She goes on to refer to an internal report from the National Association of Realtors® (NAR), which found that commissions typically range from 4.3% and 5.3% as of 2005. And income for real estate agents generally has steadily declined as membership in NAR has skyrocketed during the past couple of boom years. According to NAR’s 2007 member profile, the median gross income for all Realtors in 2006 was $47,700, down slightly from 2004 when median gross income was $49,300. And that’s before expenses, which are significant

These are hardly incomes to write home about as the cost of living has increased. Many students just graduating from college are offered jobs with higher starting salaries than that and the only deductions they have are taxes--not business expenses, such as advertising for listings, internet websites, MLS dues, license fees, gasoline for showing properties, increased FICA deductions for being self-employed, to mention just a few.

In addition, the average agent does not receive the entire commission. Whatever commission the seller is paying is divided 4 ways—listing agent and listing company, selling agent and selling company. The result is that the agent usually gets about 1.5% or less of the sales price of any property, unless the listing agent sells the home. The implicit theme in the 60 Minutes story of Realtors gouging the public is just not accurate.

Another topic alluded to was the fact that many states have minimum service laws. Stahl’s interpretation of these laws was that they constituted a restraint of trade and prevented discount brokerages from existing in the states where they exist. What is not mentioned is that these laws were put into place to protect the public after many complaints from the public to licensing entities in the states where they exist.

Allyson Hoffman, a Realtor in Illinois, explains in her blog response to the 60 Minutes segment that the minimum service law in her state was one such law—there were so many complaints that legislators felt that consumers needed an assurance that at least basic real estate services were being provided by the discounters. In addition, Hoffman notes that full service real estate firms provided their sellers with more money in their pockets than did discount firms and sold their homes in less time, another fact that Stahl ignored. The issue is not really whether there is a 6% commission or something less, but rather what puts more money in the consumer’s pocket at the end of the transaction. Studies from NAR have supported Hoffman’s assertion.
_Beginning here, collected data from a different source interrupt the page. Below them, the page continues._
lemma E_hat_bounds:
  assumes "M_S m \<nu>" "0 \<le> lam"
  obtains k where "0 \<le> k" "\<And>\<psi> \<xi>. cmod (\<psi> \<xi>) \<le> cmod (E_hat lam \<nu> \<psi> \<xi>)"
    "\<And>\<psi> \<xi>. norm \<xi> < 1 \<Longrightarrow> cmod (E_hat lam \<nu> \<psi> \<xi>) \<le> k * cmod (\<psi> \<xi>)"
proof -
  have "continuous_on {0..1} \<nu>"
    using M_S_imp_continuous[OF assms(1)] by (rule continuous_on_subset) auto
  then obtain r0 where M: "\<forall>r\<in>{0..1}. \<nu> r \<le> \<nu> r0"
    using continuous_attains_sup[of "{0..1}" \<nu>] by auto
  show ?thesis
  proof (rule that)
    show "0 \<le> exp (lam * \<nu> r0)" by simp
    show "cmod (\<psi> \<xi>) \<le> cmod (E_hat lam \<nu> \<psi> \<xi>)" for \<psi> \<xi>
      using assms(2) M_S_imp_nonneg[OF assms(1)] by (rule norm_le_norm_E_hat)
    show "cmod (E_hat lam \<nu> \<psi> \<xi>) \<le> exp (lam * \<nu> r0) * cmod (\<psi> \<xi>)"
      if "norm \<xi> < 1" for \<psi> \<xi>
      using M that by (intro norm_E_hat_le_on_unit_ball[OF assms(2)]) auto
  qed
qed

theorem lemma6p3:
  fixes m \<nu> :: "real \<Rightarrow> real" and lam \<sigma> :: real
  assumes "M_D m" and "M_S m \<nu>" and "lam > 0" and "\<sigma> \<ge> 0"
  shows "\<exists>C::real. C > 0 \<and>
    (\<forall>\<psi> :: real^2 \<Rightarrow> complex. \<psi> \<in> borel_measurable lborel \<longrightarrow>
       ennreal (1 / C) * Hdot_L2_hat \<sigma> (E_hat lam \<nu> \<psi>)
         \<le> Hdot_hat \<sigma> (E_hat lam \<nu> \<psi>) + L2_hat \<psi> \<and>
       Hdot_hat \<sigma> (E_hat lam \<nu> \<psi>) + L2_hat \<psi>
         \<le> ennreal C * Hdot_L2_hat \<sigma> (E_hat lam \<nu> \<psi>) \<and>
       ennreal (1 / C) * H_hat \<sigma> (E_hat lam \<nu> \<psi>)
         \<le> Hdot_hat \<sigma> (E_hat lam \<nu> \<psi>) + L2_hat \<psi> \<and>
       Hdot_hat \<sigma> (E_hat lam \<nu> \<psi>) + L2_hat \<psi>
         \<le> ennreal C * H_hat \<sigma> (E_hat lam \<nu> \<psi>))"
proof -
  obtain k where k: "0 \<le> k"
    and E_ge: "\<And>\<psi> \<xi>. cmod (\<psi> \<xi>) \<le> cmod (E_hat lam \<nu> \<psi> \<xi>)"
    and E_low: "\<And>\<psi> \<xi>. norm \<xi> < 1 \<Longrightarrow> cmod (E_hat lam \<nu> \<psi> \<xi>) \<le> k * cmod (\<psi> \<xi>)"
    by (rule E_hat_bounds[OF assms(2) less_imp_le[OF assms(3)]]) (rule that)
  define t where "t = (2 + k) * sqrt (2 powr \<sigma>)"
  define C where "C = 2 * t"
  have "1 \<le> sqrt (2 powr \<sigma>)"
    using assms(4) by (simp add: ge_one_powr_ge_zero)
  then have "2 + k \<le> t" "2 \<le> t"
    unfolding t_def using k mult_mono[of 2 "2 + k" 1 "sqrt (2 powr \<sigma>)"]
    by (simp_all add: mult_le_cancel_left1)
  moreover have "sqrt 2 \<le> 2"
    using real_sqrt_le_mono[of 2 4] by simp
  ultimately have C_ge: "2 + k \<le> C" "2 \<le> C" "t \<le> C" "2 * sqrt 2 \<le> C" and "0 < C"
    unfolding C_def by simp_all
  show ?thesis
  proof (intro exI[of _ C] conjI allI impI)
    show "0 < C" by fact
    fix \<psi> :: "real^2 \<Rightarrow> complex" assume \<psi>: "\<psi> \<in> borel_measurable lborel"
    let ?u = "E_hat lam \<nu> \<psi>" and ?S = "Hdot_hat \<sigma> (E_hat lam \<nu> \<psi>) + L2_hat \<psi>"
    have u: "?u \<in> borel_measurable lborel"
      using measurable_E_hat[OF M_S_imp_continuous[OF assms(2)] \<psi>] .
    note E_ge = E_ge[where \<psi> = \<psi>] and E_low = E_low[where \<psi> = \<psi>]
    have "?S \<le> ennreal 2 * Hdot_L2_hat \<sigma> ?u"
      using Hdot_add_L2_hat_le_Hdot_L2_hat[OF E_ge] by simp
    then show "?S \<le> ennreal C * Hdot_L2_hat \<sigma> ?u"
      using C_ge(2) by (rule le_ennreal_mult_weaken)
    show "?S \<le> ennreal C * H_hat \<sigma> ?u"
      using Hdot_add_L2_hat_le_H_hat[OF assms(4) E_ge] C_ge(4) by (rule le_ennreal_mult_weaken)
    show "ennreal (1 / C) * Hdot_L2_hat \<sigma> ?u \<le> ?S"
      using Hdot_L2_hat_le_Hdot_add_L2_hat[OF u \<psi> assms(4) k E_low] C_ge(1)
      by (rule inverse_mult_le_ennreal[OF \<open>0 < C\<close> le_ennreal_mult_weaken])
    show "ennreal (1 / C) * H_hat \<sigma> ?u \<le> ?S"
      using H_hat_le_Hdot_add_L2_hat[OF u \<psi> assms(4) k E_low, folded t_def] C_ge(3)
      by (rule inverse_mult_le_ennreal[OF \<open>0 < C\<close> le_ennreal_mult_weaken])
  qed
qed

end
A major problem with the 60 Minutes piece is that it was totally one-sided. Most of the people interviewed were from high-tech companies or discount brokerages. NAR worked with the producers of the piece for almost a year, and yet they declined to interview anyone from the organization to provide a balanced report. Instead NAR got the so-called “empty chair” treatment, a throw-away line that NAR disputed some of the claims of those interviewed. The absence of a NAR spokesperson gave the opposing views presented more weight to further the biased point of view of the piece. And the real estate agent they did interview was not articulate or capable of speaking to the issues raised.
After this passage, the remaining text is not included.